Cornwallis detached part of his force under Tarleton to continue to hamper patriot activates in the Carolinas. Greene one of his own favored commanders, Daniel Morgan, to counter Tarleton. The two detachments met on January 17, 1781 at the Battle of Cowpens, near the North and South Carolina border, where Morgan’s superb tactical abilities soundly defeated Tarleton.

While Cowpens was a setback, the British were far from defeated. From January to March 1781, Greene and Cornwallis fought a war of skirmish and maneuver, with Greene steadily withdrawing farther into North Carolina. This phase, known as the “Race to the Dan,” the Dan River being a crucial water barrier in the region, helped wear down Cornwallis’ army, and separate the British from their supply lines. The Race culminated at Guilford Courthouse, where Cornwallis was able to drive the Americans from the field, but with heavy casualties: a classic Pyrrhic victory. 

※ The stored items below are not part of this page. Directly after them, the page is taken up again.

lemma variation_bound_pairs:
  fixes \<beta> :: "real \<Rightarrow> real" and lo hi :: "nat \<Rightarrow> real"
  assumes var: "\<forall>xs. sorted xs \<and> set xs \<subseteq> S \<longrightarrow>
        (\<Sum>i<length xs - 1. \<bar>\<beta> (xs ! Suc i) - \<beta> (xs ! i)\<bar>) \<le> B"
    and lh: "\<And>n. n < K \<Longrightarrow> lo n \<le> hi n"
    and hl: "\<And>n. Suc n < K \<Longrightarrow> hi n \<le> lo (Suc n)"
    and inS: "\<And>n. n < K \<Longrightarrow> lo n \<in> S \<and> hi n \<in> S"
  shows "(\<Sum>n<K. \<bar>\<beta> (hi n) - \<beta> (lo n)\<bar>) \<le> B"
proof (cases "K = 0")
  case True
  then show ?thesis using var[rule_format, of "[]"] by simp
next
  case False
  define c where "c i = (if even i then lo (i div 2) else hi (i div 2))" for i
  define F where "F i = \<bar>\<beta> (c (Suc i)) - \<beta> (c i)\<bar>" for i
  have "(\<Sum>n<K. \<bar>\<beta> (hi n) - \<beta> (lo n)\<bar>) = sum F ((*) 2 ` {..<K})"
    by (subst sum.reindex) (auto simp: F_def c_def inj_on_def)
  also have "\<dots> \<le> sum F {..<2 * K - 1}"
    by (intro sum_mono2) (auto simp: F_def)
  also have "\<dots> \<le> B"
    unfolding F_def
  proof (rule variation_bound_chain[OF var])
    fix i assume "i < 2 * K - 1"
    then show "c i \<le> c (Suc i)"
      using lh[of "i div 2"] hl[of "i div 2"] by (auto simp: c_def elim!: evenE oddE)
  next
    fix i assume "i \<le> 2 * K - 1"
    then show "c i \<in> S"
      using inS[of "i div 2"] False by (auto simp: c_def)
  qed
  finally show ?thesis .
qed

lemma variation_bound_monotone_pairs:
  fixes \<beta> :: "real \<Rightarrow> real" and P Q :: "nat \<Rightarrow> real"
  assumes var: "\<forall>xs. sorted xs \<and> set xs \<subseteq> S \<longrightarrow>
        (\<Sum>i<length xs - 1. \<bar>\<beta> (xs ! Suc i) - \<beta> (xs ! i)\<bar>) \<le> B"
    and PQ: "\<And>n. P n \<le> Q n" "\<And>n. P n \<in> S" "\<And>n. Q n \<in> S"
    and order: "(\<forall>n. Q n \<le> P (Suc n)) \<or> (\<forall>n. Q (Suc n) \<le> P n)"
  shows "(\<Sum>n<K. \<bar>\<beta> (Q n) - \<beta> (P n)\<bar>) \<le> B"
  using order
proof
  assume "\<forall>n. Q n \<le> P (Suc n)"
  then show ?thesis by (intro variation_bound_pairs[OF var]) (use PQ in auto)
next
  assume dec: "\<forall>n. Q (Suc n) \<le> P n"
  have "(\<Sum>j<K. \<bar>\<beta> (Q (K - Suc j)) - \<beta> (P (K - Suc j))\<bar>) \<le> B"
  proof (rule variation_bound_pairs[OF var])
    fix j assume "Suc j < K"
    then have "K - Suc j = Suc (K - Suc (Suc j))" by simp
    then show "Q (K - Suc j) \<le> P (K - Suc (Suc j))" using dec by metis
  qed (use PQ in auto)
  also have "(\<Sum>j<K. \<bar>\<beta> (Q (K - Suc j)) - \<beta> (P (K - Suc j))\<bar>) = (\<Sum>n<K. \<bar>\<beta> (Q n) - \<beta> (P n)\<bar>)"
    by (rule sum.reindex_bij_witness[where i = "\<lambda>n. K - Suc n" and j = "\<lambda>n. K - Suc n"]) auto
  finally show ?thesis .
qed
lemma Psi_sin_term_diff_ge:
  fixes x y :: real
  assumes k: "5 \<le> k" and xy: "pi / real k \<le> x" "x < y" "y \<le> pi / (real k - 1)"
  shows "(real k - 1) ^ 2 / 8 * (y - x)
    \<le> sin ((real k - 1) * x) * Psi_sin_coeff x - sin ((real k - 1) * y) * Psi_sin_coeff y"
proof -
  define K where "K = real k"
  have K: "5 \<le> K" using k by (simp add: K_def)
  have x_pos: "0 < x" and y_le: "y \<le> pi / 4"
    using pi_div_interval_bounds[OF k] xy by auto
  note xy = xy[folded K_def]
  define tx ty where "tx = pi - (K - 1) * x" and "ty = pi - (K - 1) * y"
  have "(K - 1) * (pi / K) \<le> (K - 1) * x" using xy K by (intro mult_left_mono) auto
  moreover have "pi - (K - 1) * (pi / K) = pi / K" using K by (simp add: field_simps)
  ultimately have "tx \<le> pi / K" unfolding tx_def by linarith
  moreover have "pi / K \<le> pi / 3" using K by (intro divide_left_mono) auto
  ultimately have tx_le: "tx \<le> pi / 3" by linarith
  have ty_ge: "0 \<le> ty" using xy K by (simp add: ty_def field_simps)
  have tx_ty: "tx - ty = (K - 1) * (y - x)" by (simp add: tx_def ty_def algebra_simps)
  have gap: "0 < (K - 1) * (y - x)" using xy K by (intro mult_pos_pos) auto
  have sin_diff: "(K - 1) * (y - x) / 2 \<le> sin tx - sin ty"
    using sin_diff_ge_half[OF ty_ge _ tx_le] tx_ty gap by simp
  have "0 \<le> sin tx" using ty_ge tx_ty gap tx_le pi_gt_zero by (intro sin_ge_zero) linarith+
  have coeff_mono: "Psi_sin_coeff y \<le> Psi_sin_coeff x"
    using x_pos xy y_le by (intro Psi_sin_coeff_antimono) auto
  have "(K - 1) / 4 \<le> (K - 1) / pi" using K pi_less_4 by (intro divide_left_mono) auto
  also have "\<dots> \<le> 1 / y" using xy K x_pos by (simp add: field_simps)
  also have "\<dots> \<le> Psi_sin_coeff y"
    using x_pos xy y_le by (intro inverse_le_Psi_sin_coeff) auto
  finally have coeff_ge: "(K - 1) / 4 \<le> Psi_sin_coeff y" .
  have "(K - 1) ^ 2 / 8 * (y - x) = (K - 1) * (y - x) / 2 * ((K - 1) / 4)"
    by (simp add: power2_eq_square)
  also have "\<dots> \<le> (sin tx - sin ty) * Psi_sin_coeff y"
    using sin_diff coeff_ge gap K by (intro mult_mono) auto
  also have "\<dots> \<le> sin tx * Psi_sin_coeff x - sin ty * Psi_sin_coeff y"
    using mult_left_mono[OF coeff_mono \<open>0 \<le> sin tx\<close>] by (simp add: algebra_simps)
  finally show ?thesis by (simp add: tx_def ty_def K_def)
qed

Unable to trap and destroy Greene, Cornwallis decided to invade Virginia, still untouched by the war, and cut American supplies to the Carolinas. Cornwallis’ initial actions in Virginia were successful; American forces under Lafayette were able to slow, but not stop, Cornwallis’ campaign.

Meanwhile, Greene returned to the Carolinas. The armies met again outside Camden, at the Battle of Hobkirk’s Hill on April 25, 1781, where the British won the field, but withdrew to Charleston. Afterwards, Greene besieged the British garrison at Ninety-Six, but the British were able to lift the siege with reinforcements from Charleston.

Despite the victory at Ninety-Six, the efforts of Greene and patriot militia leaders forced the British to withdraw. Greene attacked the British again at Eutaw Springs on September 8, 1781, where despite retreating, Greene inflicted enough casualties to compel the British to withdraw to Charleston. With American forces under Lieutenant Colonel Harry “Light Horse” Lee driving the British back to Savannah, and Greene pinning the British in Charleston, the patriots were rapidly solidifying control of Georgia and South Carolina.  Victories at Fort Fair Lawn, Colleton Castle, and Port Royal Island further shocked the British.

Concurrently, Cornwallis had established a base of operations at Yorktown, hoping for resupply and reinforcement by sea. The French victory at the Battle of the Capes on September 5, 1781, removed this possibility, and cut off Cornwallis by sea. With the arrival of American and French troops, the encirclement was complete, and the siege began on September 28, 1781. After nearly a month, Cornwallis was forced to surrender. When news of the surrender reached British Prime Minister Lord North he exclaimed, “Oh God, it’s all over.”

While the war continued until the Treaty of Paris in 1783, Yorktown marked the collapse of the British war efforts. The British “Southern Strategy,” while initially promising, had ended in utter failure.